I miss the clockwork regularity of my cycle in younger years… I do not miss the threat of fertility, though.  I’ve had a good cry or two over ‘I’ll never…’, that’s a pretty human experience, isn’t it?  Motherhood hasn’t been an aspiration for me, though. I’m not that woman; I have walked a very different path all along.  A brief period in my life – between about 27 and 32 – I had an undefeatable urge to reproduce.  It was an experience that felt very biological, and rather beyond my control or understanding.  At 50 I remain satisfied with a childless life, with choices other than parenting.   I’ve only ever met one man who moved me so, heart and soul, that I grieved openly in his arms that I would not ever bear his child – and although neither of us wanted children at that point in our lives, he understood me so well.  He held me while I cried, and said the soft tender things that lovers know to say, and the moment passed.  No doubt that will be one nagging regret I will have… one moment of poignant longing… one missed experience that will hold a tiny bright flame of wistfulness and sorrow that I feel now and again; to have been a mother, to have born his child, to have loved and shared and built someone new together to carry who we are in their heart and in their memory, would have been remarkable indeed.

Motherhood is not my path; I chose differently very early on, and I do not regret that, even a little bit.

That’s one promise menopause holds for me that means a lot; no more stress about unplanned pregnancy.  Sex without anxiety about reproduction is a very big deal in a very good way.  😀  Like it or not, most of the available options for birth control are actually pretty awful; powerful drugs with nasty side effects (including ruining a woman’s sex drive!), condoms (and the associated loss of sensation, inconvenience, and loss of powerful biological effect on mood from contact with flesh and bodily fluids), an assortment of grim options that involve inserting bits of metal, plastic, or other foreign objects (many of which can be felt by a partner, and not in a good way), or the last worst option – going without sex.  Medicine really hasn’t done women any favors with the crappy options we have for birth control – and society doesn’t do us any favors by playing head games with us about the ‘moral’ consequences before, during, or after.  It has gotten very tedious over 50 years being bombarded with constant reminders that sex isn’t okay (when it is) that my decision-making isn’t my own (when it is), or that I have some obligation to bear life in my body (when I don’t).   Yep – I’m more than ready to reach a point in my life when my ability to reproduce is behind me, and ‘babies!’ is not longer any element of a discussion about me, or my sexual decision-making. lol.

Menopause.
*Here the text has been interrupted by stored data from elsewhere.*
lemma borel_measurable_disc_kernel [measurable]:
  "(\<lambda>x. disc_kernel a c (fst x) (snd x)) \<in> borel_measurable (dA \<Otimes>\<^sub>M dA)"
  "(\<lambda>w. disc_kernel a c z w) \<in> borel_measurable borel"
  "(\<lambda>z. disc_kernel a c z w) \<in> borel_measurable borel"
  unfolding disc_kernel_def by measurable

lemma disc_kernel_nonneg: "disc_kernel a c z w \<ge> 0"
  unfolding disc_kernel_def by (simp add: indicator_def)

lemma disc_kernel_le:
  assumes z: "cmod z < 1" and c: "c \<ge> 0"
  shows "disc_kernel a c z w \<le> 2 powr c / cmod (1 - cnj w * z) powr (2 + a)"
proof (cases "w \<in> ball 0 1")
  case True
  define L where "L = cmod (1 - cnj w * z)"
  have w: "cmod w < 1" using True by simp
  have L: "L > 0" using norm_one_minus_cnj_mult_pos[OF z] w by (simp add: L_def)
  have "one_minus_norm_sq w \<le> 2 * L"
    using one_minus_norm_sq_bounds[of w] one_minus_norm_le_norm_one_minus_cnj_mult[of z w] z w
    by (simp add: L_def norm_one_minus_cnj_mult_commute[of w z])
  then have "one_minus_norm_sq w powr c / L powr (2 + a + c) \<le> (2 * L) powr c / L powr (2 + a + c)"
    using one_minus_norm_sq_bounds[of w] w c by (intro divide_right_mono powr_mono2) auto
  also have "\<dots> = 2 powr c / L powr (2 + a)"
    using L by (simp add: powr_mult powr_add field_simps)
  finally show ?thesis using True by (simp add: disc_kernel_def L_def)
qed (simp add: disc_kernel_def)
(* Write RM for the subring of M_4(C(V_0)) generated by the products iota(a) iota(b),
   a, b in II_{2,10}, and RS = C^+(-O(Z)).  Both inclusions use only the minimality of a
   generated subring (ring_gen_subset).

   (1) RM \<subseteq> M_4(RS).  M_4(S) is a subring whenever S is closed under the ring operations,
       so it suffices that each generator lies in M_4(RS).  Every entry of iota(v),
       v in II_{2,10}, is a lattice vector w in -O(Z): off the diagonal it is an integer
       multiple of e_0, on the diagonal it is y or y - 2 y_0 e_0, and 2 y_0 is an integer
       for an integral octave y.  Hence the entries of iota(a) iota(b) are sums of products
       of two lattice vectors.
   (2) M_4(RS) \<subseteq> RM.  The matrix units E_ij lie in RM: E_11 = iota(h_1 h_2 h_3 h_4), and
       the remaining units of the first row and column arise from E_11 and the images of
       e_0 h_a and h_a h_b, which are real scalar matrices.  For a, b in -O(Z) one has
       E_i2 iota(a) iota(b) E_2j = ab E_ij.  So the set of c with c E_ij in RM for all i, j
       is a subring containing the generators of RS, hence all of RS; finally every matrix
       over RS is the sum of its entries times matrix units. *)

lemma ring_gen_subset:
  assumes "G \<subseteq> S" "one \<in> S"
    and "\<And>x y. x \<in> S \<Longrightarrow> y \<in> S \<Longrightarrow> add x y \<in> S"
    and "\<And>x. x \<in> S \<Longrightarrow> neg x \<in> S"
    and "\<And>x y. x \<in> S \<Longrightarrow> y \<in> S \<Longrightarrow> mul x y \<in> S"
  shows "ring_gen mul add neg one G \<subseteq> S"
proof
  fix x assume "x \<in> ring_gen mul add neg one G"
  then show "x \<in> S" by induction (use assms in auto)
qed

lemma ring_gen_zero:
  assumes "add one (neg one) = zero"
  shows "zero \<in> ring_gen mul add neg one G"
  using ring_gen.add[OF ring_gen.one ring_gen.neg[OF ring_gen.one]] assms by metis

lemma finite_idx8 [simp]: "finite idx8" by (simp add: idx8_def)

lemma cmul_czero_l [simp]: "cmul czero y = czero"
  by (simp add: cmul_def czero_def fun_eq_iff cong: if_cong)
lemma cmul_czero_r [simp]: "cmul y czero = czero"
  by (simp add: cmul_def czero_def fun_eq_iff cong: if_cong)
lemma cadd_czero_l [simp]: "cadd czero y = y" by (simp add: cadd_def czero_def)
lemma cadd_czero_r [simp]: "cadd y czero = y" by (simp add: cadd_def czero_def)
lemma cneg_czero [simp]: "cneg czero = czero" by (simp add: cneg_def czero_def)
lemma cadd_cneg: "cadd x (cneg x) = czero" by (simp add: cadd_def cneg_def czero_def)

text \<open>Genuine elements of C(V_0) have coefficients only on subsets of {0..7}; all products are
  of this kind, and on them cone is a two-sided unit.\<close>
definition cl_supported :: "cl \<Rightarrow> bool" where
  "cl_supported z \<longleftrightarrow> (\<forall>U. \<not> U \<subseteq> idx8 \<longrightarrow> z U = 0)"

lemma cl_supported_cmul: "cl_supported (cmul x y)"
  unfolding cl_supported_def cmul_def by (auto intro!: sum.neutral)

lemma cmul_cone_left:
  assumes "cl_supported z" shows "cmul cone z = z"
proof
  fix U
  have "cmul cone z U = (\<Sum>S\<in>Pow idx8. if S = {} then (\<Sum>T\<in>Pow idx8. if T = U then z T else 0) else 0)"
    unfolding cmul_def cone_def
    by (intro sum.cong refl, rename_tac S, case_tac "S = {}")
       (simp_all cong: if_cong add: csign_def sum.neutral)
  also have "\<dots> = z U" using assms by (auto simp: cl_supported_def sum.delta' idx8_def)
  finally show "cmul cone z U = z U" .
qed

lemma cmul_cone_right:
  assumes "cl_supported z" shows "cmul z cone = z"
proof
  fix U
  have "cmul z cone U = (\<Sum>S\<in>Pow idx8. \<Sum>T\<in>Pow idx8. if T = {} then (if S = U then z S else 0) else 0)"
    unfolding cmul_def cone_def by (intro sum.cong refl) (auto simp: csign_def)
  also have "\<dots> = z U" using assms by (auto simp: cl_supported_def sum.delta' idx8_def)
  finally show "cmul z cone U = z U" .
qed

definition blade :: "nat set \<Rightarrow> real \<Rightarrow> cl" where
  "blade S0 a = (\<lambda>S. if S = S0 then a else 0)"

lemma cmul_blade:
  assumes "S0 \<subseteq> idx8" "T0 \<subseteq> idx8"
  shows "cmul (blade S0 a) (blade T0 b) = blade ((S0 - T0) \<union> (T0 - S0)) (csign S0 T0 * a * b)"
proof
  fix U
  define v where "v = (if (S0 - T0) \<union> (T0 - S0) = U then csign S0 T0 * a * b else 0)"
  have blade_term: "(if S - T \<union> (T - S) = U then csign S T * blade S0 a S * blade T0 b T else 0)
      = (if T = T0 then (if S = S0 then v else 0) else 0)" for S T
    unfolding v_def blade_def by auto
  have "cmul (blade S0 a) (blade T0 b) U = (\<Sum>S\<in>Pow idx8. if S = S0 then v else 0)"
    unfolding cmul_def blade_term using assms(2) by (simp add: sum.delta)
  also have "\<dots> = blade ((S0 - T0) \<union> (T0 - S0)) (csign S0 T0 * a * b) U"
    using assms(1) unfolding v_def blade_def by (simp add: sum.delta)
  finally show "cmul (blade S0 a) (blade T0 b) U = blade ((S0 - T0) \<union> (T0 - S0)) (csign S0 T0 * a * b) U" .
qed

definition cs :: "real \<Rightarrow> cl" where "cs a = cscale a cone"
definition es :: "real \<Rightarrow> cl" where "es a = cscale a ce0"

lemma cs_blade: "cs a = blade {} a"
  by (simp add: cs_def cscale_def cone_def blade_def fun_eq_iff)

lemma es_blade: "es a = blade {0} a"
  by (auto simp: es_def cscale_def ce0_def cvec_def blade_def idx8_def card_Suc_eq fun_eq_iff)

lemma cmul_es: "cmul (es a) (es b) = cs (- (a * b))"
proof -
  have no_inversions: "{(s, t). s \<in> {0::nat} \<and> t \<in> {0} \<and> t < s} = {}" by auto
  have "csign {0} {0} = -1" unfolding csign_def by (subst no_inversions) simp
  then show ?thesis by (simp add: es_blade cs_blade cmul_blade idx8_def)
qed

lemma cmul_cs: "cmul (cs a) (cs b) = cs (a * b)"
  by (simp add: cs_blade cmul_blade csign_def)

lemma cadd_cs: "cadd (cs a) (cs b) = cs (a + b)"
  by (simp add: cs_def cscale_def cadd_def fun_eq_iff algebra_simps)

lemma cs_1: "cs 1 = cone" by (simp add: cs_def cscale_def fun_eq_iff)
lemma cs_0: "cs 0 = czero" by (simp add: cs_def cscale_def czero_def fun_eq_iff)

lemma cmul_cone_cone: "cmul cone cone = cone"
  using cmul_cs[of 1 1] by (simp add: cs_1)

lemma idx4_eq: "idx4 = {1, 2, 3, 4}" by (auto simp: idx4_def)

lemma foldr4: "foldr cadd (map g [1, 2, 3, 4]) czero = cadd (g 1) (cadd (g 2) (cadd (g 3) (g 4)))"
  by simp

lemma mmul_out: "\<not> (i \<in> idx4 \<and> j \<in> idx4) \<Longrightarrow> mmul A B i j = czero"
  unfolding mmul_def by auto

definition single :: "nat \<Rightarrow> nat \<Rightarrow> cl \<Rightarrow> mat" where
  "single i j c = (\<lambda>r s. if r = i \<and> s = j then c else czero)"

lemma mmul_single_left:
  assumes "i \<in> idx4" "k \<in> idx4"
  shows "mmul (single i k c) M = (\<lambda>r s. if r = i \<and> s \<in> idx4 then cmul c (M k s) else czero)"
  using assms unfolding mmul_def single_def foldr4 by (auto simp: fun_eq_iff idx4_eq)

lemma mmul_single_right:
  assumes "j \<in> idx4" "k \<in> idx4"
  shows "mmul M (single k j c) = (\<lambda>r s. if r \<in> idx4 \<and> s = j then cmul (M r k) c else czero)"
  using assms unfolding mmul_def single_def foldr4 by (auto simp: fun_eq_iff idx4_eq)

lemma single_mul:
  assumes "i \<in> idx4" "k \<in> idx4" "j \<in> idx4"
  shows "mmul (single i k c) (single k j d) = single i j (cmul c d)"
  using assms by (simp add: mmul_single_left) (auto simp: fun_eq_iff single_def)

definition smat :: "(nat \<Rightarrow> nat \<Rightarrow> real) \<Rightarrow> mat" where
  "smat f = (\<lambda>r c. if r \<in> idx4 \<and> c \<in> idx4 then cs (f r c) else czero)"
definition emat :: "(nat \<Rightarrow> nat \<Rightarrow> real) \<Rightarrow> mat" where
  "emat f = (\<lambda>r c. if r \<in> idx4 \<and> c \<in> idx4 then es (f r c) else czero)"

lemma mmul_emat: "mmul (emat f) (emat g) = smat (\<lambda>r c. - (\<Sum>k\<in>idx4. f r k * g k c))"
  unfolding mmul_def emat_def smat_def foldr4
  by (intro ext) (simp add: idx4_eq cmul_es cadd_cs algebra_simps)

lemma mmul_smat: "mmul (smat f) (smat g) = smat (\<lambda>r c. \<Sum>k\<in>idx4. f r k * g k c)"
  unfolding mmul_def smat_def foldr4
  by (intro ext) (simp add: idx4_eq cmul_cs cadd_cs algebra_simps)

lemma smat_single:
  assumes "i \<in> idx4" "j \<in> idx4" "\<forall>r\<in>idx4. \<forall>c\<in>idx4. f r c = (if r = i \<and> c = j then 1 else 0)"
  shows "smat f = single i j cone"
  using assms unfolding smat_def single_def by (auto simp: fun_eq_iff cs_1 cs_0)

lemma M4_entry: "A \<in> M4 S \<Longrightarrow> i \<in> idx4 \<Longrightarrow> j \<in> idx4 \<Longrightarrow> A i j \<in> S"
  unfolding M4_def mem_Collect_eq by (drule spec[of _ i], drule spec[of _ j]) simp

lemma M4_outside: "A \<in> M4 S \<Longrightarrow> \<not> (i \<in> idx4 \<and> j \<in> idx4) \<Longrightarrow> A i j = czero"
  unfolding M4_def mem_Collect_eq by (drule spec[of _ i], drule spec[of _ j]) (simp del: de_Morgan_conj)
There’s astonishingly little real research – or support – for this element of female experience.  It still surprises me. I mean – this affects all my partners, too, not just me. My emotional reactivity, my unpredictable hormones, my everyday health and well-being don’t exist in a vacuum! I keep expecting more from the medical industry… but in a culture where it’s okay to call a scientist who won’t work for free a whore, because she is a woman, why would I be surprised?

Anyway… the count down continues, and only 264 days to go to get my final test results back determining whether I’ve reached the ‘pause.  Most accurate test available!